* **Your objective**
Find the word "lemma" in the data, then copy each line where it is found.

[Source material Boundary: Start]

lemma Atl_add_below:
  assumes og: "sig1_ctx num \<Gamma>" and cl: "\<Union>(fv ` \<Gamma>) = {}"
    and l: "length p = length X" "length q = length V" "length u = length X"
    and k: "0 < k" and pu: "p < u" and gp: "HT1 num \<Gamma> (G_at p q)"
    and d: "HT1 num \<Gamma> (Atl u q (Pre (num k)))"
  shows "HT1 num \<Gamma> (Atl p q (Pre (num (k + 1))))"
proof (rule Atl_elim[OF k d l(3,2) cl])
  show "fv (Atl p q (Pre (num (k + 1)))) = {}" "sig1 num (Atl p q (Pre (num (k + 1))))"
    using Atl_sig1[OF l(1,2)] by simp_all
  fix w \<Gamma>' assume lw: "length w = nat k" and dw: "distinct w"
    and ws: "\<forall>t\<in>set w. u \<le> t \<and> length t = length X"
    and sub: "\<Gamma> \<subseteq> \<Gamma>'" and og': "sig1_ctx num \<Gamma>'" and gw: "\<forall>t\<in>set w. HT1 num \<Gamma>' (G_at t q)"
  have gp': "HT1 num \<Gamma>' (G_at p q)" by (rule HT1_weaken[OF gp sub og'])
  have "\<forall>t\<in>set w. p < t" using ws pu by auto
  then show "HT1 num \<Gamma>' (Atl p q (Pre (num (k + 1))))"
    by (intro Atl_intro[OF _ og' l(1,2), where ts="p # w"])
      (use k lw dw ws l gp' gw in \<open>auto simp: nat_add_distrib\<close>)
qed

lemma Atl_succ_intro:
  assumes og: "sig1_ctx num \<Gamma>" and cl: "\<Union>(fv ` \<Gamma>) = {}"
    and l: "length p = length X" "length q = length V"
    and k: "0 < k" and d: "HT1 num \<Gamma> (succ_rhs p q k)"
  shows "HT1 num \<Gamma> (Atl p q (Pre (num (k + 1))))"
proof -
  have gp: "HT1 num \<Gamma> (G_at p q)" and e: "HT1 num \<Gamma> (exs W (succ_witness p q k))"
    using d unfolding succ_rhs_def by (rule HT1_conjunct1, rule HT1_conjunct2)
  let ?C = "Atl p q (Pre (num (k + 1)))"
  have sC: "sig1 num ?C" by (rule Atl_sig1[OF l])
  show ?thesis
  proof (rule HT1_exsE_ground[OF e W_distinct sC])
    show "\<forall>v\<in>set W. v \<notin> \<Union>(fv ` \<Gamma>) \<and> v \<notin> fv ?C" using cl by simp
    fix c assume c: "sortok_on num (set W) c"
    let ?u = "map c W"
    let ?H = "fsubst (ground_on (set W) c) (succ_witness p q k)"
    have "sig1 num ?H" by (rule sig1_fsubst_ground_on[OF succ_witness_props(2)[OF l] c])
    then have og': "sig1_ctx num (insert ?H \<Gamma>)" using og by simp
    have "fv ?H \<subseteq> (\<Union>v\<in>fv (succ_witness p q k). tvars (ground_on (set W) c v))" by (rule fv_fsubst)
    also have "\<dots> = {}" using succ_witness_props(1)[OF l, of k] by (auto simp: ground_on_def)
    finally have cl': "\<Union>(fv ` insert ?H \<Gamma>) = {}" using cl by simp
    have lu: "length ?u = length X" by simp
    have "HT1 num (insert ?H \<Gamma>) ?H" by (rule HT1_hyp[OF _ og']) simp
    then have h: "HT1 num (insert ?H \<Gamma>) (And (lexless (map Pre p) (map Pre ?u)) (Atl ?u q (Pre (num k))))"
      unfolding fsubst_succ_witness[OF refl] .
    show "HT1 num (insert ?H \<Gamma>) ?C"
    proof (cases "p < ?u")
      case False
      then have "\<not> sat num (\<lambda>_. num 0) (lexless (map Pre p) (map Pre ?u))"
        using sat_lexless[of p ?u num] l by simp
      then show ?thesis by (rule HT1_false[OF HT1_conjunct1[OF h] lexless_props(3) lexless_ground_props(1) _ sC])
    next
      case True
      have "HT1 num (insert ?H \<Gamma>) (G_at p q)" by (rule HT1_weaken[OF gp _ og']) blast
      then show ?thesis by (rule Atl_add_below[OF og' cl' l lu k True _ HT1_conjunct2[OF h]])
    qed
  qed
qed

[Source material Boundary: End]

* **Exercise response**
lemma Atl_add_below:
lemma Atl_succ_intro:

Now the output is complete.